Inasmuch as there is no dispute about the accuracy of the computation, aside from the dispute over the classification, we are unable to see how plaintiff was injured by receiving the letter in the evidence. Without the letter the testimony of Banks is sufficient to take the case to the jury as to the proper method of computing the amount due as premium. The letter was immaterial. It has no evidentiary value on a disputed issue. Its admission was not prejudicial.
It is our opinion that the insurance policy is ambiguous. The two policies mentioned hereinbefore are identical as to classification. In the former policy plaintiff computed the amount of premium as defendant computes it in the instant action. No explanation is made for attempting to change the computation when the policy involved in the instant action has not changed the classification. For that reason the former policy and the testimony in regard thereto was admissible over the objection of plaintiff. The former policy with the testimony about plaintiff's computation of premium thereon was an admission against interest.

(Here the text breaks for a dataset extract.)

(* Let $d\ge1$ and let $p\in\mathbb{C}[\mathbb{Z}^d]=\mathbb{C}[z_1^{\pm1},\dots,z_d^{\pm1}]$ be non-zero. If $\operatorname{wd}(p)=0$, then $F(r_p^{(2)})(\lambda)=0$ for all $0\le\lambda<|\operatorname{lead}(p)|$ and $F(r_p^{(2)})(\lambda)=1$ for all $\lambda\ge|\operatorname{lead}(p)|$. If $\operatorname{wd}(p)\ge1$, then for all $\lambda\ge0$ \[ F\bigl(r_p^{(2)}\bigr)(\lambda)\le\frac{8\sqrt3}{\sqrt{47}}\cdot d\cdot\operatorname{wd}(p)\cdot\left(\frac{\lambda}{|\operatorname{lead}(p)|}\right)^{\frac{1}{d\cdot\operatorname{wd}(p)}}. \]
   Context: For non-zero $p\in\mathbb{C}[\mathbb{Z}^d]$ write uniquely $p=\sum_{n=n^-}^{n^+} q_n(z_1^{\pm1},\dots,z_{d-1}^{\pm1})\, z_d^n$ with $n^-\le n^+$, $q_n\in\mathbb{C}[\mathbb{Z}^{d-1}]$, $q_{n^-}\neq0\neq q_{n^+}$; set $w(p)=n^+-n^-$ and $q^+(p)=q_{n^+}$. Define $p_0=p$, $p_i=q^+(p_{i-1})\in\mathbb{C}[\mathbb{Z}^{d-i}]$ for $i=1,\dots,d$, $w_0(p)=w(p)$, $w_i(p)=w(p_i)$ for $i=1,\dots,d-1$. Then $\operatorname{wd}(p)=\max\{w_0(p),\dots,w_{d-1}(p)\}$ and $\operatorname{lead}(p)=p_d\in\mathbb{C}\setminus\{0\}$. The operator $r_p^{(2)}\colon L^2(\mathbb{Z}^d)\to L^2(\mathbb{Z}^d)$ is multiplication by $p$, and its spectral density function is $F(r_p^{(2)})(\lambda)=\mu_{T^d}\bigl(\{z\in T^d : |p(z)|\le\lambda\}\bigr)$, where $\mu_{T^d}$ is the normalized Haar measure on the torus $T^d=(S^1)^d$. *)

theory Defs
  imports "HOL-Analysis.Analysis"
begin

Examining the classification we are of the opinion that only those who operated the trains for defendant are included in the classification designated "Logging Railroad Operations and the Transportation of Freight and Passengers for Hire." Such was the computation of the same classification in the former policy. Plaintiff seeks to include the employees who work upon the tracks, constructing new lines, maintenance and repair of the track, as operators of the railroad. To include such in the word "operating" is to give to that word a very extensive meaning. Yet plaintiff earnestly contends such to be the proper construction of the policy.
The letter objected to and other oral testimony was admitted by the court on the theory that there was an ambiguity, and, therefore, testimony of the negotiations leading to the issuance of the policy and of the construction of the classification in the former policy were admissible not to change in any particular the policy but to enable the jury to determine which contention as to the classification was correct, that of the plaintiff or that of the defendant. In this we think the court did not err.

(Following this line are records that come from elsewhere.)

(* Let $r\ge2$, $n\ge2r$, and let $H\subseteq\binom{\Omega_n}{r}$ be $M_1^{(r)}$-saturated. Then: (1) for all $i$, $\rho(v_{i+1})=\lambda(v_i)$; (2) for all distinct $v_i,v_j$, $|[\rho(v_i),\lambda(v_i)]\cap[\rho(v_j),\lambda(v_j)]|\le1$; (3) for every $j$, there is exactly one vertex $v_i$ such that the interval $[\rho(v_i),\lambda(v_i)]$ contains both $v_j$ and $v_{j+1}$; (4) if $\lambda(v_i)\neq\rho(v_i)$, then $\lambda(\rho(v_i))=v_i$ and $\rho(\rho(v_i))\in[\lambda(v_i),v_i)$.
   Context: $\Omega_n=\{v_0,\dots,v_{n-1}\}$ with cyclic order $v_0<\dots<v_{n-1}<v_0$, indices mod $n$. For distinct vertices $u,w$, $(u,w)$ is the set of vertices strictly between $u$ and $w$ moving clockwise from $u$ to $w$; $[u,w]=(u,w)\cup\{u,w\}$, $[u,w)=(u,w)\cup\{u\}$; $[u,u]=\{u\}$. An $r$-cgh $H\subseteq\binom{\Omega_n}{r}$ is $M_1^{(r)}$-saturated if there are no edges $h_1,h_2\in H$ and vertices $u\neq u'$ with $h_1\subseteq[u,u']$ and $h_2\cap[u,u']=\emptyset$, but for every $e\in\binom{\Omega_n}{r}\setminus H$ such a pair exists in $H\cup\{e\}$. In such $H$ every vertex lies in an edge. $\lambda(v_i)$ is the vertex $u$ such that some $h\in H$ with $v_i\in h$ satisfies $h\subseteq[u,v_i]$, while no $h\in H$ with $v_i\in h$ satisfies $h\subseteq[u',v_i]$, $u'$ the clockwise successor of $u$. $\rho(v_i)$ is the vertex $u$ such that some $h\in H$ with $v_i\in h$ satisfies $h\subseteq[v_i,u]$ but none with $h\subseteq[v_i,u'']$, $u''$ the clockwise predecessor of $u$. *)

theory Defs
  imports Main
begin

text \<open>Vertices of \<Omega>_n are represented by 0,...,n-1 (vertex v_i is i), indices mod n.\<close>

definition cyc_vertices :: "nat \<Rightarrow> nat set" where
  "cyc_vertices n = {0..<n}"

text \<open>Closed clockwise interval [u,w]; for u = w this is {u}.\<close>
definition cint :: "nat \<Rightarrow> nat \<Rightarrow> nat \<Rightarrow> nat set" where
  "cint n u w = {(u + k) mod n | k. k \<le> (w + n - u) mod n}"

definition cint_ho :: "nat \<Rightarrow> nat \<Rightarrow> nat \<Rightarrow> nat set" where
  "cint_ho n u w = {(u + k) mod n | k. k < (w + n - u) mod n}"

definition succ_v :: "nat \<Rightarrow> nat \<Rightarrow> nat" where
  "succ_v n u = (u + 1) mod n"

definition pred_v :: "nat \<Rightarrow> nat \<Rightarrow> nat" where
  "pred_v n u = (u + n - 1) mod n"

definition M1_free :: "nat \<Rightarrow> nat set set \<Rightarrow> bool" where
  "M1_free n H \<longleftrightarrow> \<not> (\<exists>h1\<in>H. \<exists>h2\<in>H. \<exists>u<n. \<exists>u'<n. u \<noteq> u' \<and>
       h1 \<subseteq> cint n u u' \<and> h2 \<inter> cint n u u' = {})"

definition M1_saturated :: "nat \<Rightarrow> nat \<Rightarrow> nat set set \<Rightarrow> bool" where
  "M1_saturated n r H \<longleftrightarrow>
     H \<subseteq> {e. e \<subseteq> cyc_vertices n \<and> card e = r} \<and> M1_free n H \<and>
     (\<forall>e. e \<subseteq> cyc_vertices n \<and> card e = r \<and> e \<notin> H \<longrightarrow> \<not> M1_free n (insert e H))"

definition lam :: "nat \<Rightarrow> nat set set \<Rightarrow> nat \<Rightarrow> nat" where
  "lam n H v = (THE u. u < n \<and>
      (\<exists>h\<in>H. v \<in> h \<and> h \<subseteq> cint n u v) \<and>
      \<not> (\<exists>h\<in>H. v \<in> h \<and> h \<subseteq> cint n (succ_v n u) v))"

definition rho :: "nat \<Rightarrow> nat set set \<Rightarrow> nat \<Rightarrow> nat" where
  "rho n H v = (THE u. u < n \<and>
      (\<exists>h\<in>H. v \<in> h \<and> h \<subseteq> cint n v u) \<and>
      \<not> (\<exists>h\<in>H. v \<in> h \<and> h \<subseteq> cint n v (pred_v n u)))"

end

theory Submission
  imports Defs
begin

text \<open>
  Call a vertex set a transversal if it meets every edge of \<open>H\<close>. By \<open>M\<^sub>1\<close>-freeness every arc
  containing an edge is a transversal; saturation gives the converse through an exchange argument:
  replacing one vertex of an edge by a vertex of a transversal arc gives an \<open>r\<close>-set every covering
  arc of which contains the old edge or the transversal arc, so the new set is again an edge.
  Consequently the arc \<open>[w, v]\<close> is a transversal iff it contains \<open>\<lambda>(v)\<close>, and \<open>[v, w]\<close> iff it
  contains \<open>\<rho>(v)\<close>; so \<open>x \<in> [\<rho>(v), \<lambda>(v)]\<close> iff both arcs between \<open>v\<close> and \<open>x\<close> are transversals,
  a relation symmetric in \<open>v\<close> and \<open>x\<close>. Two disjoint arcs cannot both contain an edge, and two
  common points of \<open>[\<rho>(i), \<lambda>(i)]\<close> and \<open>[\<rho>(j), \<lambda>(j)]\<close> would yield two such arcs: this is (2).
  Comparing the transversal arcs starting at \<open>v + 1\<close> with those ending at \<open>v\<close> gives (1), and (3)
  follows from (1), (2) and the symmetry. For (4), the edge through \<open>v\<close> inside \<open>[\<lambda>(v), v]\<close> is
  disjoint from the arcs that would have to be transversals if \<open>\<lambda>(\<rho>(v))\<close> or \<open>\<rho>(\<rho>(v))\<close> were
  elsewhere.
\<close>

section \<open>Clockwise intervals\<close>

definition cdist :: "nat \<Rightarrow> nat \<Rightarrow> nat \<Rightarrow> nat" where
  "cdist n a b = (b + n - a) mod n"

Plaintiff contends that the policy involved was for the protection of the defendant against claims by the public. The policy expresses it in this language:
"In consideration of the premium herein provided and of the warranties herein made the Zurich General Accident and Liability Insurance Company, Limited (herein called the Company), does hereby agree with the assured, respecting bodily injuries, or death at any time resulting therefrom, including instantaneous death, accidentally suffered or alleged to have been suffered, during the policy period defined in special condition 6, by any person or persons not employed by the assured, while at the places designated in special condition 4, by reason of the work described in said special condition 4, in and during the prosecution of such work, * * *."
During the progress of the trial defendant lost sight of the particular provision of the policy "persons not employed by the assured" and discussed the proposition as though the policy was intended to cover injury to the employees of the defendant. The policy does base the amount of the premium upon the wages and the risk attending the work of the employees.

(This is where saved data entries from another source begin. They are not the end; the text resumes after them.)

definition conj_orbit :: "('a, 'b) ring_scheme \<Rightarrow> nat \<Rightarrow> (nat \<Rightarrow> nat \<Rightarrow> 'a) set
    \<Rightarrow> (nat \<Rightarrow> nat \<Rightarrow> 'a) \<Rightarrow> (nat \<Rightarrow> nat \<Rightarrow> 'a) set" where
  "conj_orbit F n P g = {mat_mult F n (mat_mult F n q g) (mat_inv F n q) | q. q \<in> P}"

lemma num_conj_orbits_eq_card: "num_conj_orbits F n P G = card (conj_orbit F n P ` G)"
  unfolding num_conj_orbits_def conj_orbit_def ..

context cring
begin

lemma mat_mult_closed:
  "A \<in> mat_space R n \<Longrightarrow> B \<in> mat_space R n \<Longrightarrow> mat_mult R n A B \<in> mat_space R n"
  by (auto simp: mat_mult_def mat_space_def intro!: finsum_closed)

lemma mat_one_closed: "mat_one R n \<in> mat_space R n"
  by (auto simp: mat_one_def mat_space_def)

lemma mat_smult_closed:
  "a \<in> carrier R \<Longrightarrow> A \<in> mat_space R n \<Longrightarrow> mat_smult R n a A \<in> mat_space R n"
  by (auto simp: mat_smult_def mat_space_def)

lemma mat_mult_one_left:
  assumes "A \<in> mat_space R n" shows "mat_mult R n (mat_one R n) A = A"
proof -
  have "(\<Oplus>k\<in>{..<n}. mat_one R n i k \<otimes> A k j) = A i j" if "i < n" "j < n" for i j
  proof -
    have "(\<Oplus>k\<in>{..<n}. mat_one R n i k \<otimes> A k j) = (\<Oplus>k\<in>{..<n}. if i = k then A k j else \<zero>)"
      using assms that by (intro add.finprod_cong') (auto simp: mat_one_def mat_space_def)
    also have "\<dots> = A i j"
      using assms that by (intro add.finprod_singleton) (auto simp: mat_space_def)
    finally show ?thesis .
  qed
  then show ?thesis using assms by (auto simp: mat_mult_def mat_space_def fun_eq_iff)
qed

"Logging Railroad Operations and the Transportation of Freight and Passengers for Hire" is one classification. In that classification the premium is fixed at $2.06 on every $100 of the wages paid such employees. Plaintiff can not complain of that "slip" on the part of defendant because in its complaint we find this language: The original policy "was delivered to the Carlton and Coast Railroad Company insuring the said Carlton and Coast Railroad Company against accidents to its employees in the operation of its business as stated in the terms of said policy." If evidence was admitted on the theory that the insurance covered injury to the employees of defendant, then plaintiff invited such error by that allegation in the complaint and can not be heard to say that the court erred by any ruling that was based on that theory. Plaintiff does not point out any particular error of the court in that behalf, but does complain because of arguments advanced by defendant along that theory.
The instructions requested were properly refused. These were based on the contention advanced by plaintiff to the effect that the evidence admitted over the objection of plaintiff tended to vary the terms of the written contract. Sufficient has been said as to the view of the court upon that proposition. The instructions given to which exception was taken expresses correctly the theory upon which the evidence was admissible. We think the evidence did not tend to vary the terms of the contract but on the contrary supported the contract.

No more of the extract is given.